The man-with-dreams said he planned to buy more land, build more infrastructure, and to develop a society of sorts. Though on a small scale, a niche property for the privileged. He was a real estate tycoon in the making. I say `in the making`because had he been an established hardcore tycoon, he would have established a lavish `town` in Hunza already even if he had to take one of the Passu Cones down, and onein Skardu, with Upper Kachura Lake in the middle, and one in Chitral, which will of course have a polo ground of its own, and, indeed, one in Gwadar, right next to the serene blue beach. This would have happened simply because natural landscape and features naturally belong to the nature-loving enthusiasts of the country ... the ones with lots of money.

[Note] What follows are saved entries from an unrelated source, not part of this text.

(* Let $Q=\{x\in\mathbb{R}^{n+1}:\sum_{i=1}^{n+1}x_i^2/a_i=1\}$ with $0<a_1<\dots<a_{n+1}$. If a nonsingular periodic billiard trajectory inside $Q$ has odd period, then its first caustic $Q_{\lambda_1}$ is an ellipsoid, i.e. $\lambda_1\in(0,a_1)$. In other words, among all nonsingular billiard trajectories inside $Q$, only those with an ellipsoid as caustic can have odd period.
   Context: Confocal quadrics: $Q_\mu=\{\sum x_i^2/(a_i-\mu)=1\}$; every line of a billiard trajectory inside $Q$ is tangent to $n$ confocal quadrics $Q_{\lambda_1},\ldots,Q_{\lambda_n}$ (caustics), $\lambda_1<\dots<\lambda_n$. The trajectory is nonsingular when $\lambda$ lies in $\{0<\lambda_1<\dots<\lambda_n,\ \lambda_i\in(a_{i-1},a_i)\cup(a_i,a_{i+1})\}$, $a_0=0$. $Q_\mu$ is an ellipsoid exactly when $0<\mu<a_1$. *)

theory Defs
  imports Complex_Main
begin

text \<open>Points of R^(n+1) are represented as functions nat => real whose
  relevant coordinates are indexed by 1..n+1 (all other coordinates are 0).
  The semi-axes parameters are a 1 < ... < a (n+1).\<close>

definition ipr :: "nat \<Rightarrow> (nat \<Rightarrow> real) \<Rightarrow> (nat \<Rightarrow> real) \<Rightarrow> real" where
  "ipr n x y = (\<Sum>i=1..n+1. x i * y i)"

definition is_point :: "nat \<Rightarrow> (nat \<Rightarrow> real) \<Rightarrow> bool" where
  "is_point n x \<longleftrightarrow> (\<forall>i. i \<notin> {1..n+1} \<longrightarrow> x i = 0)"

definition confocal :: "nat \<Rightarrow> (nat \<Rightarrow> real) \<Rightarrow> real \<Rightarrow> (nat \<Rightarrow> real) set" where
  "confocal n a \<mu> = {x. is_point n x \<and> (\<Sum>i=1..n+1. (x i)\<^sup>2 / (a i - \<mu>)) = 1}"

text \<open>Tangency of the line {x + t v} to the quadric Q_mu (mu not one of the a_i):
  the quadratic equation in t for the intersection has vanishing discriminant.\<close>
definition line_tangent :: "nat \<Rightarrow> (nat \<Rightarrow> real) \<Rightarrow> real \<Rightarrow> (nat \<Rightarrow> real) \<Rightarrow> (nat \<Rightarrow> real) \<Rightarrow> bool" where
  "line_tangent n a \<mu> x v \<longleftrightarrow>
     (\<forall>i\<in>{1..n+1}. a i \<noteq> \<mu>) \<and>
     (\<Sum>i=1..n+1. x i * v i / (a i - \<mu>))\<^sup>2
       = (\<Sum>i=1..n+1. (v i)\<^sup>2 / (a i - \<mu>)) * ((\<Sum>i=1..n+1. (x i)\<^sup>2 / (a i - \<mu>)) - 1)"
lemma bump_cdf_nonneg: "0 \<le> x \<Longrightarrow> 0 \<le> bump_cdf U i x"
  using bump_cdf_increment[of 0 x U i] by (simp add: bump_cdf_0)

lemma bump_density_first_moment: "((\<lambda>x. x * bump_density U i x) has_integral 1/2) {0..1}"
proof -
  have "((\<lambda>x. x) has_integral (1^2/2 - 0^2/2)) {0..1::real}"
    by (intro fundamental_theorem_of_calculus_real[of "{}"])
      (auto intro!: derivative_eq_intros continuous_intros)
  from has_integral_add[OF this profile_tent_slope_first_moment] show ?thesis
    by (simp add: bump_density_def algebra_simps)
qed

lemma bump_win_has_integral:
  assumes "tournament UNIV U" "i \<noteq> j"
  obtains Q where "((\<lambda>x. bump_density U i x * bump_cdf U j x) has_integral (1/2 + Q)) {0..1}"
    and "0 < Q \<longleftrightarrow> (i, j) \<in> U"
proof -
  obtain Q where Q: "((\<lambda>x. profile U tent j x * profile U tent_slope i x) has_integral Q) {0..1}"
    and sign: "0 < Q \<longleftrightarrow> (i, j) \<in> U"
  proof (cases "j < i")
    case True
    show ?thesis
      using that[OF profile_interaction_has_integral[OF True]] pair_weight_neg_iff[of U i j]
        pair_width_pos[of j i] by (simp add: zero_less_mult_iff mult_less_0_iff)
  next
    case False
    then have "i < j"
      using assms(2) by linarith
    moreover have "(j, i) \<in> U \<longleftrightarrow> (i, j) \<notin> U"
      using assms unfolding tournament_def by blast
    ultimately show ?thesis
      using that[OF profile_interaction_antisym[OF profile_interaction_has_integral]]
        pair_weight_pos_iff[of U j i] pair_width_pos[of i j]
      by (simp add: zero_less_mult_iff mult_less_0_iff)
  qed
  have "((\<lambda>x. x * bump_density U i x + profile U tent j x + profile U tent j x * profile U tent_slope i x)
      has_integral (1/2 + 0 + Q)) {0..1}"
    by (intro has_integral_add bump_density_first_moment profile_tent_has_integral Q)
  then show ?thesis
    using that sign by (simp add: bump_density_def bump_cdf_def algebra_simps)
qed

definition bump_law :: "(nat \<times> nat) set \<Rightarrow> nat \<Rightarrow> real measure" where
  "bump_law U i = density_on_unit (bump_density U i)"

lemma prob_space_bump_law: "prob_space (bump_law U i)"
  unfolding bump_law_def
  using bump_density_has_integral[of 0 1 U i] bump_density_nonneg
  by (intro prob_space_density_on_unit) (auto simp: bump_cdf_0 bump_cdf_1)

lemma sets_bump_law [measurable_cong, simp]: "sets (bump_law U i) = sets borel"
  by (simp add: bump_law_def)

lemma measure_bump_law_atMost:
  "0 \<le> x \<Longrightarrow> x \<le> 1 \<Longrightarrow> measure (bump_law U i) {..x} = bump_cdf U i x"
  using emeasure_density_on_unit_atMost[OF _ bump_density_nonneg _ _ bump_density_has_integral[of 0 x]]
  by (simp add: bump_law_def measure_def bump_cdf_0 bump_cdf_nonneg)
lemma Fu_eq_pid: "(\<forall>j<length (meas C). \<not> (u ! j \<and> snd (meas C ! j) - 1 = k)) \<Longrightarrow> Fu C u k = pid"
  unfolding Fu_def by (rule foldr_ptimes_none) auto

lemma Fu_eq_pid_off_levels:
  assumes w: "wf_circuit n C"
    and k: "Suc k \<notin> {snd (meas C ! j) | j. j < length (meas C) \<and> u ! j}"
  shows "Fu C u k = pid"
proof (rule Fu_eq_pid, intro allI impI notI)
  fix j assume j: "j < length (meas C)" and uj: "u ! j \<and> snd (meas C ! j) - 1 = k"
  then have "snd (meas C ! j) = Suc k" using meas_level_bounds[OF w j] by auto
  then have "Suc k \<in> {snd (meas C ! j) | j. j < length (meas C) \<and> u ! j}" using j uj by force
  with k show False by contradiction
qed

lemma odd_sum_of_bool_odd: "finite K \<Longrightarrow> odd (\<Sum>k\<in>K. (of_bool (odd (a k)) :: nat)) = odd (\<Sum>k\<in>K. a k)"
  by (induction K rule: finite_induct) auto

lemma sum_of_bool_eq_card: "(\<Sum>j<(m::nat). (of_bool (P j) :: nat)) = card {j. j < m \<and> P j}"
  by (induction m) (auto simp: card_Suc_filter)

lemma sum_of_bool_delta:
  assumes "finite K" "c \<in> K"
  shows "(\<Sum>k\<in>K. (of_bool (A \<and> c = k \<and> X k) :: nat)) = of_bool (A \<and> X c)"
proof -
  have "(\<Sum>k\<in>K. (of_bool (A \<and> c = k \<and> X k) :: nat)) = (\<Sum>k\<in>K. (if k = c then of_bool (A \<and> X c) else 0))"
    by (rule sum.cong) auto
  also have "\<dots> = of_bool (A \<and> X c)" using assms by (simp add: sum.delta)
  finally show ?thesis .
qed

But, frankly, our little tycoon in not the only one for whom empathy is a word that exists in dictionaries only. We are a society wherein decision makers would have the audacity to even plan to demolish Lahore`s famous historical monument of Chauburji that was apparently coming in the way of the Orange Line Metro Train, or to dig away the Ardi Mountains at Kirthar National Park to expand lavish housing colonies, or to build infrastructure on precious agricultural land.

That being so, it is unfair to expect tycoons in the private sector to understand that growth and infrastructure that revolve around erecting buildings only displace local communities, while traditional neighbourhoods vanish and the true identity of a place is lost. We lack empathy and planning, especially at Grade 20 and above, and the tourism sector is no exception.

I wonder why it is so difficult to comprehend that `development` and creating tourism opportunities do not necessarily mean `construction activity`.

Azad Kashmir, Baltistan, Chitral, Gwadar, Thar and all such areas are losing the essence of native communities,folk wisdom and, indeed, cultural heritage.

Our business tycoons continue to usurp Pakistan`s valuable land, gradually gnawing away layers of local environment and lifestyles. Occasionally on my travels when I tread on a terrain that is rough and unpaved, it is a moment of utter delight as that evidently suggests the lack of such opportunists reaching the remote regions.

Cities grow and infrastructure is needed, but is it necessary to do it at the cost of natural landscape and cultural heritage? While the world is making efforts trying to go back to its roots, we are bent on completely eradicating ours. We are getting obsessed with the idea of rapid construction; and in the process the essence of communities, folk wisdom and cultural heritage is losing its importance. This is another step back for a country like Pakistan which has rich cultural and traditional roots. Considering the pace at which we are `developing` Pakistan, we could perhaps change its name to the `Islamic Republic of Housing Societies of Pakistan`.